Although multimarker methods are a considerable advancement, current methods do not fully take advantage of the correlation structure between SNPs and their multimarker proxies. For example, consider the scenario given in figure 1. In this example, we assume that the first two SNPs are collected as tag SNPs for the association study and will be used as proxies for the three remaining SNPs. The third SNP is in perfect disequilibrium with the first SNP (r2=1), and, thus, the first SNP serves as a perfect proxy for the third SNP. Since the fourth SNP is not in perfect disequilibrium with either of the first two SNPs, the haplotype AA at the first two SNPs can serve as a perfect proxy for the fourth SNP. The most interesting case is the fifth SNP, for which no haplotype serves as a perfect proxy. The best haplotype proxy for this SNP is the haplotype AA, for which r2=0.619. However, by restricting ourselves to the haplotype AA, we ignore the additional information given by the other haplotypes. For example, the allele A in the fifth SNP occurs occasionally with haplotype AG, but never with haplotypes GA or GG.
Figure 1. .
A sample haplotype distribution for five SNPs, where the first two SNPs are collected as tag SNPs, and the remaining three SNPs are uncollected. Freq. = frequency.

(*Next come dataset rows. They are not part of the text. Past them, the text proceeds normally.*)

theorem lemma2p3:
  fixes M :: "'a measure" and c :: "nat \<Rightarrow> 'a \<Rightarrow> real"
    and f :: "real \<Rightarrow> real" and B :: real and lam :: real
    and l :: "nat \<Rightarrow> real"
  assumes "prob_space M"
    and "prob_space.indep_vars M (\<lambda>_. borel) c {1..}"
    and "\<And>k. k \<ge> 1 \<Longrightarrow> distributed M lborel (c k) (\<lambda>x. ennreal (f x))"
    and "f \<in> borel_measurable lborel"
    and "\<And>x. 0 \<le> f x" and "\<And>x. f x \<le> B"
    and "\<And>x. x \<notin> {0..1} \<Longrightarrow> f x = 0"
    and "AE x in lborel. x \<in> {0..1} \<longrightarrow> f x > 0"
    and "lam > 0" and "\<And>k. l k = exp (- lam * real k)"
  shows "AE \<omega> in M. \<forall>\<epsilon>>0. \<exists>\<delta>>0. \<forall>\<^sub>F n in sequentially.
           \<forall>n'\<in>scales n. \<forall>n''\<in>scales n.
             (1 / real (card (blockA n' \<times> blockA n''))) *
             (\<Sum>(i,j)\<in>{(i,j). i \<in> blockA n' \<and> j \<in> blockA n'' \<and> i \<noteq> j \<and>
                             \<bar>c i \<omega> - c j \<omega>\<bar> < \<delta>}.
                 - ln \<bar>c i \<omega> - c j \<omega>\<bar>) < \<epsilon>"
proof -
  interpret indep_bounded_density M c f "max B 1"
  proof (rule indep_bounded_density.intro[OF assms(1)], rule indep_bounded_density_axioms.intro)
    show "\<And>x. f x \<le> max B 1"
      using assms(6) by (simp add: le_max_iff_disj)
  qed (use assms(2,3) in simp_all)
  show ?thesis
  proof (rule AE_mp[OF AE_dyadic_log_sums_eventually_small], intro AE_I2 impI allI)
    fix \<omega> and \<epsilon> :: real
    assume "\<forall>e>0. \<exists>\<delta>>0. \<delta> \<le> 1 \<and> (\<exists>K0. \<forall>K\<ge>K0. \<forall>k\<in>{K..2*K}. \<forall>k'\<in>{K..2*K}.
                     dyadic_log_sum \<delta> (\<lambda>i. c i \<omega>) k k' < e * 2^(k+k'))"
      and "0 < \<epsilon>"
    then obtain \<delta> K0 where "0 < \<delta>" "\<delta> \<le> 1"
      and K0: "\<forall>K\<ge>K0. \<forall>k\<in>{K..2*K}. \<forall>k'\<in>{K..2*K}. dyadic_log_sum \<delta> (\<lambda>i. c i \<omega>) k k' < \<epsilon> * 2^(k+k')"
      by blast
    have "\<forall>\<^sub>F n in sequentially. max 2 (2^K0) \<le> n"
      by (rule eventually_ge_at_top)
    then show "\<exists>\<delta>>0. \<forall>\<^sub>F n in sequentially. \<forall>n'\<in>scales n. \<forall>n''\<in>scales n.
             (1 / real (card (blockA n' \<times> blockA n''))) *
             (\<Sum>(i,j)\<in>{(i,j). i \<in> blockA n' \<and> j \<in> blockA n'' \<and> i \<noteq> j \<and> \<bar>c i \<omega> - c j \<omega>\<bar> < \<delta>}.
                 - ln \<bar>c i \<omega> - c j \<omega>\<bar>) < \<epsilon>"
      using \<open>0 < \<delta>\<close> close_pairs_log_average_lt[OF \<open>0 < \<epsilon>\<close> \<open>\<delta> \<le> 1\<close>, of K0 "\<lambda>i. c i \<omega>"] K0
      by (auto elim!: eventually_mono)
  qed
qed

end
lemma chi_qt_attained:
  assumes "finite V" "0 \<le> q"
  obtains f where "q_tailored V E q (chi_qt V E q) f"
proof -
  obtain h where h: "bij_betw h V {0..<card V}" using ex_bij_betw_finite_nat[OF assms(1)] by blast
  have "q_tailored V E q (card V) (\<lambda>v. h v + 1)"
    unfolding q_tailored_def
  proof (intro conjI ballI)
    fix v assume v: "v \<in> V"
    show "h v + 1 \<in> {1..card V}" using bij_betwE[OF h] v by fastforce
    have "{w \<in> V. h w + 1 = h v + 1} = {v}" using h v by (auto simp: bij_betw_def inj_on_def)
    then show "(\<Sum>w\<in>{w \<in> V. h w + 1 = h v + 1}. \<bar>hadj E v w\<bar>) \<le> q * real (hdeg E v)"
      using assms(2) by (simp add: hadj_def)
  qed
  then have "\<exists>f. q_tailored V E q (chi_qt V E q) f"
    unfolding chi_qt_def using LeastI_ex[of "\<lambda>k. \<exists>f. q_tailored V E q k f"] by blast
  then show thesis using that by blast
qed

theorem chi_qt_lower_bound:
  assumes uh: "uniform_hypergraph V E c" and "c > 0" "0 \<le> q"
  shows "(real c - lambda1 V E) / (q + 1 - lambda1 V E) \<le> real (chi_qt V E q)"
proof -
  note fin = uniform_hypergraphD(1)[OF uh] and deg = uniform_hypergraphD(5)[OF uh]
  have ne: "V \<noteq> {}" using uniform_hypergraph_vertices_nonempty[OF uh \<open>c > 0\<close>] .
  obtain \<mu> where \<mu>: "is_lap_eigenvalue V E \<mu>"
    and rayleigh: "\<And>z. \<mu> * deg_inner V E z z \<le> codeg_form V E z z"
    using exists_lap_eigenvalue_below_rayleigh[OF fin ne deg] by blast
  obtain f where f: "q_tailored V E q (chi_qt V E q) f" using chi_qt_attained[OF fin \<open>0 \<le> q\<close>] .
  have k1: "1 \<le> real (chi_qt V E q)" using f ne by (fastforce simp: q_tailored_def)
  have "lambda1 V E * (real (chi_qt V E q) - 1) \<le> \<mu> * (real (chi_qt V E q) - 1)"
    using lambda1_le_lap_eigenvalue[OF fin deg \<mu>] k1 by (intro mult_right_mono) auto
  also have "\<dots> \<le> real (chi_qt V E q) * (q + 1) - real c"
    by (rule tailored_coloring_eigenvalue_bound[OF uh ne f rayleigh])
  finally show ?thesis
    using lambda1_le_lap_eigenvalue[OF fin deg is_lap_eigenvalue_edge_size[OF uh ne]] k1
    by (rule ratio_le_of_eigenvalue_bound)
qed

section \<open>A single edge\<close>

lemma hdeg_single_edge: "v \<in> V \<Longrightarrow> hdeg {V} v = 1"
  using hcodeg_diag[of "{V}" v] hcodeg_eq_sum_edges[of "{V}" v v] by simp

lemma hcodeg_single_edge: "v \<in> V \<Longrightarrow> w \<in> V \<Longrightarrow> hcodeg {V} v w = 1"
  by (simp add: hcodeg_eq_sum_edges)

lemma abs_hadj_single_edge: "v \<in> V \<Longrightarrow> w \<in> V \<Longrightarrow> \<bar>hadj {V} v w\<bar> = of_bool (v \<noteq> w)"
  using hcodeg_eq_abs_hadj[of "{V}" v w] by (auto simp: hcodeg_single_edge hdeg_single_edge)

lemma uniform_hypergraph_single_edge: "finite V \<Longrightarrow> uniform_hypergraph V {V} (card V)"
  by (simp add: uniform_hypergraph_def hdeg_single_edge)

lemma lambda1_single_edge:
  assumes "finite V" "2 \<le> card V"
  shows "lambda1 V {V} = 0"
proof (rule lambda1_eq_0_if_lap_eigenvalue_0[OF uniform_hypergraph_single_edge[OF assms(1)]])
  have "\<not> card V \<le> Suc 0" using assms(2) by simp
  then obtain a b where ab: "a \<in> V" "b \<in> V" "a \<noteq> b"
    using card_le_Suc0_iff_eq[OF assms(1)] by blast
  define x :: "'a \<Rightarrow> real" where "x v = of_bool (v = a) - of_bool (v = b)" for v
  have "V \<inter> {v. v = a} = {a}" "V \<inter> {v. v = b} = {b}" using ab by auto
  then have "(\<Sum>w\<in>V. x w) = 0"
    using assms(1) by (simp add: x_def sum_subtractf)
  then have "codeg_eigenvector V {V} 0 x"
    using ab by (auto simp: codeg_eigenvector_def hcodeg_single_edge x_def cong: sum.cong)
  then show "is_lap_eigenvalue V {V} 0"
    using is_lap_eigenvalue_iff_codeg_eigenvector[of V "{V}"] hdeg_single_edge by fastforce
qed

lemma q_tailored_single_edge_iff:
  assumes "finite V"
  shows "q_tailored V {V} q k f \<longleftrightarrow> (\<forall>v\<in>V. f v \<in> {1..k} \<and> real (card {w\<in>V. f w = f v}) \<le> q + 1)"
proof -
  have "(\<Sum>w\<in>{w\<in>V. f w = f v}. \<bar>hadj {V} v w\<bar>) = real (card {w\<in>V. f w = f v}) - 1"
    if v: "v \<in> V" for v
  proof -
    let ?C = "{w\<in>V. f w = f v}"
    have C: "finite ?C" "v \<in> ?C" using assms v by auto
    have "(\<Sum>w\<in>?C. \<bar>hadj {V} v w\<bar>) = (\<Sum>w\<in>?C. of_bool (w \<noteq> v))"
      using v by (intro sum.cong) (auto simp: abs_hadj_single_edge)
    also have "\<dots> = real (card (?C - {v}))"
      using C(1) by (simp add: Diff_eq Int_def)
    also have "\<dots> = real (card ?C) - 1"
    proof -
      have "0 < card ?C" using C by (auto simp: card_gt_0_iff)
      then show ?thesis using C by (simp add: card_Diff_singleton of_nat_diff)
    qed
    finally show ?thesis .
  qed
  then show ?thesis unfolding q_tailored_def by (auto simp: hdeg_single_edge)
qed

lemma card_le_if_q_tailored_single_edge:
  assumes "finite V" "q_tailored V {V} (real q) k f"
  shows "card V \<le> k * (q + 1)"
proof -
  have "V = (\<Union>j\<in>{1..k}. {w\<in>V. f w = j})"
    using assms(2) by (auto simp: q_tailored_def)
  then have "card V \<le> (\<Sum>j\<in>{1..k}. card {w\<in>V. f w = j})"
    by (metis card_UN_le finite_atLeastAtMost)
  also have "\<dots> \<le> (\<Sum>j\<in>{1..k}. q + 1)"
  proof (rule sum_mono)
    fix j
    show "card {w\<in>V. f w = j} \<le> q + 1"
    proof (cases "\<exists>v\<in>V. f v = j")
      case True
      then show ?thesis
        using assms unfolding q_tailored_single_edge_iff[OF assms(1)] by fastforce
    next
      case False
      then have "{w\<in>V. f w = j} = {}" by auto
      then show ?thesis by (metis card.empty le0)
    qed
  qed
  finally show ?thesis by simp
qed

lemma chi_qt_single_edge:
  assumes "(q + 1) dvd c"
  shows "chi_qt {0..<c} {{0..<c}} (real q) = c div (q + 1)"
proof -
  obtain k0 where c: "c = (q + 1) * k0" using assms by (elim dvdE)
  let ?f = "\<lambda>v. v div (q + 1) + 1"
  have tailored: "q_tailored {0..<c} {{0..<c}} (real q) k0 ?f"
    unfolding q_tailored_single_edge_iff[OF finite_atLeastLessThan]
  proof (intro ballI conjI)
    fix v assume "v \<in> {0..<c}"
    then show "?f v \<in> {1..k0}"
      using c less_mult_imp_div_less[of v k0 "q + 1"] by (simp add: mult.commute)
    define a where "a = v div (q + 1)"
    have "{w\<in>{0..<c}. ?f w = ?f v} \<subseteq> {a * (q + 1)..<a * (q + 1) + (q + 1)}"
    proof
      fix w assume "w \<in> {w\<in>{0..<c}. ?f w = ?f v}"
      then have "a = w div (q + 1)" by (simp add: a_def)
      then have "a * (q + 1) + w mod (q + 1) = w" by (simp only: div_mult_mod_eq)
      moreover have "w mod (q + 1) < q + 1" by (rule mod_less_divisor) simp
      ultimately show "w \<in> {a * (q + 1)..<a * (q + 1) + (q + 1)}"
        unfolding atLeastLessThan_iff by linarith
    qed
    then have "card {w\<in>{0..<c}. ?f w = ?f v} \<le> card {a * (q + 1)..<a * (q + 1) + (q + 1)}"
      by (rule card_mono[OF finite_atLeastLessThan])
    then show "real (card {w\<in>{0..<c}. ?f w = ?f v}) \<le> real q + 1" by simp
  qed
  have minimal: "k0 \<le> k" if "q_tailored {0..<c} {{0..<c}} (real q) k f" for k f
  proof -
    have "(q + 1) * k0 \<le> (q + 1) * k"
      using card_le_if_q_tailored_single_edge[OF finite_atLeastLessThan that] c
      by (simp only: card_atLeastLessThan diff_zero mult.commute)
    then show ?thesis using mult_le_cancel1[of "q + 1" k0 k] by linarith
  qed
  have "chi_qt {0..<c} {{0..<c}} (real q) = k0"
    unfolding chi_qt_def by (rule Least_equality) (use tailored minimal in blast)+
  then show ?thesis using c nonzero_mult_div_cancel_left[of "q + 1" k0] by simp
qed

theorem mainTheorem11:
  shows "(\<forall>(V :: 'a set) (E :: 'a set set) (c :: nat) (q :: real).
            uniform_hypergraph V E c \<and> c \<ge> 2 \<and> 0 \<le> q \<and> q \<le> real c - 1 \<longrightarrow>
            real (chi_qt V E q) \<ge> (real c - lambda1 V E) / (q + 1 - lambda1 V E))
       \<and> (\<forall>(c :: nat) (q :: nat). c \<ge> 2 \<and> (q + 1) dvd c \<longrightarrow>
            (\<exists>(V :: nat set) (E :: nat set set). uniform_hypergraph V E c \<and>
               real (chi_qt V E (real q)) = (real c - lambda1 V E) / (real q + 1 - lambda1 V E)))"
proof (intro conjI allI impI)
  fix V :: "'a set" and E c and q :: real
  assume "uniform_hypergraph V E c \<and> c \<ge> 2 \<and> 0 \<le> q \<and> q \<le> real c - 1"
  then show "real (chi_qt V E q) \<ge> (real c - lambda1 V E) / (q + 1 - lambda1 V E)"
    by (intro chi_qt_lower_bound) auto
next
  fix c q :: nat
  assume "c \<ge> 2 \<and> (q + 1) dvd c"
  then have "uniform_hypergraph {0..<c} {{0..<c}} c" "lambda1 {0..<c} {{0..<c}} = 0"
    "real (chi_qt {0..<c} {{0..<c}} (real q)) = real c / (real q + 1)"
    using uniform_hypergraph_single_edge[of "{0..<c}"] lambda1_single_edge[of "{0..<c}"]
      chi_qt_single_edge[of q c] real_of_nat_div[of "q + 1" c] by auto
  then show "\<exists>(V :: nat set) (E :: nat set set). uniform_hypergraph V E c \<and>
               real (chi_qt V E (real q)) = (real c - lambda1 V E) / (real q + 1 - lambda1 V E)"
    by (intro exI[of _ "{0..<c}"] exI[of _ "{{0..<c}}"]) simp
qed

end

To take advantage of this additional information, we propose a new statistic, the ρ test, and a new method, WHAP, that is based on a weighted sum of all the haplotype frequency differences. We show both empirically and analytically that there is a considerable gain in power achieved by this statistic, as opposed to a χ2 statistic on a single SNP or group of haplotypes. We show that the ρ test is χ2 distributed with 1 df, regardless of the weight assignments. We then develop a notion equivalent to r2, defined by the haplotype weights r2h and with values ranging from 0 to 1. Analogously to Pritchard and Preworzski,7 we show that, if a multimarker set has a correlation of r2h with a causal SNP, then using the ρ test with n/r2h individuals for this set is equivalent to directly testing the causal SNP for association with n individuals. We show analytically that the r2h for a set of tag SNPs is always at least as large as the best r2 for any single haplotype or single SNP. Empirically, we observe that, in many cases, r2h is, in fact, quite larger than r2, which leads to a significant increase in power. For instance, in the above example, the correlation coefficient between the weighted average of the haplotypes and the fifth SNP is 0.85, whereas it is only 0.619 for the best single haplotype. Finally, we show that the ρ test is always more powerful than the standard χ2 test over a set of haplotypes. Our proposed method uses a statistic similar to the one proposed in the works of Nicolae16 and Stram.17
Previous approaches for tag SNPs, such as single-marker and multimarker approaches involving one haplotype, fall into our framework, since these can be seen as specific assignments of weights to the haplotypes (i.e., letting the weight of the haplotype be 1 and the weight of all the other haplotypes be 0). We present a method to find the optimal set of weights that maximizes the power of the ρ statistic, and we show both analytically and empirically that our method always performs at a power equal or greater to standard multimarker methods. Furthermore, we show that, asymptotically, one can gain power only by using a larger number of SNPs as a proxy to the hidden SNP. In practice, since sample size is limited, “overfitting” effects may reduce power, and we therefore empirically show that, for haplotypes of moderate length, there is an increase in power. To the best of our knowledge, this is the first rigorous analytical proof that demonstrates that haplotype and multimarker indirect association is asymptotically more powerful than indirect association based on single SNPs.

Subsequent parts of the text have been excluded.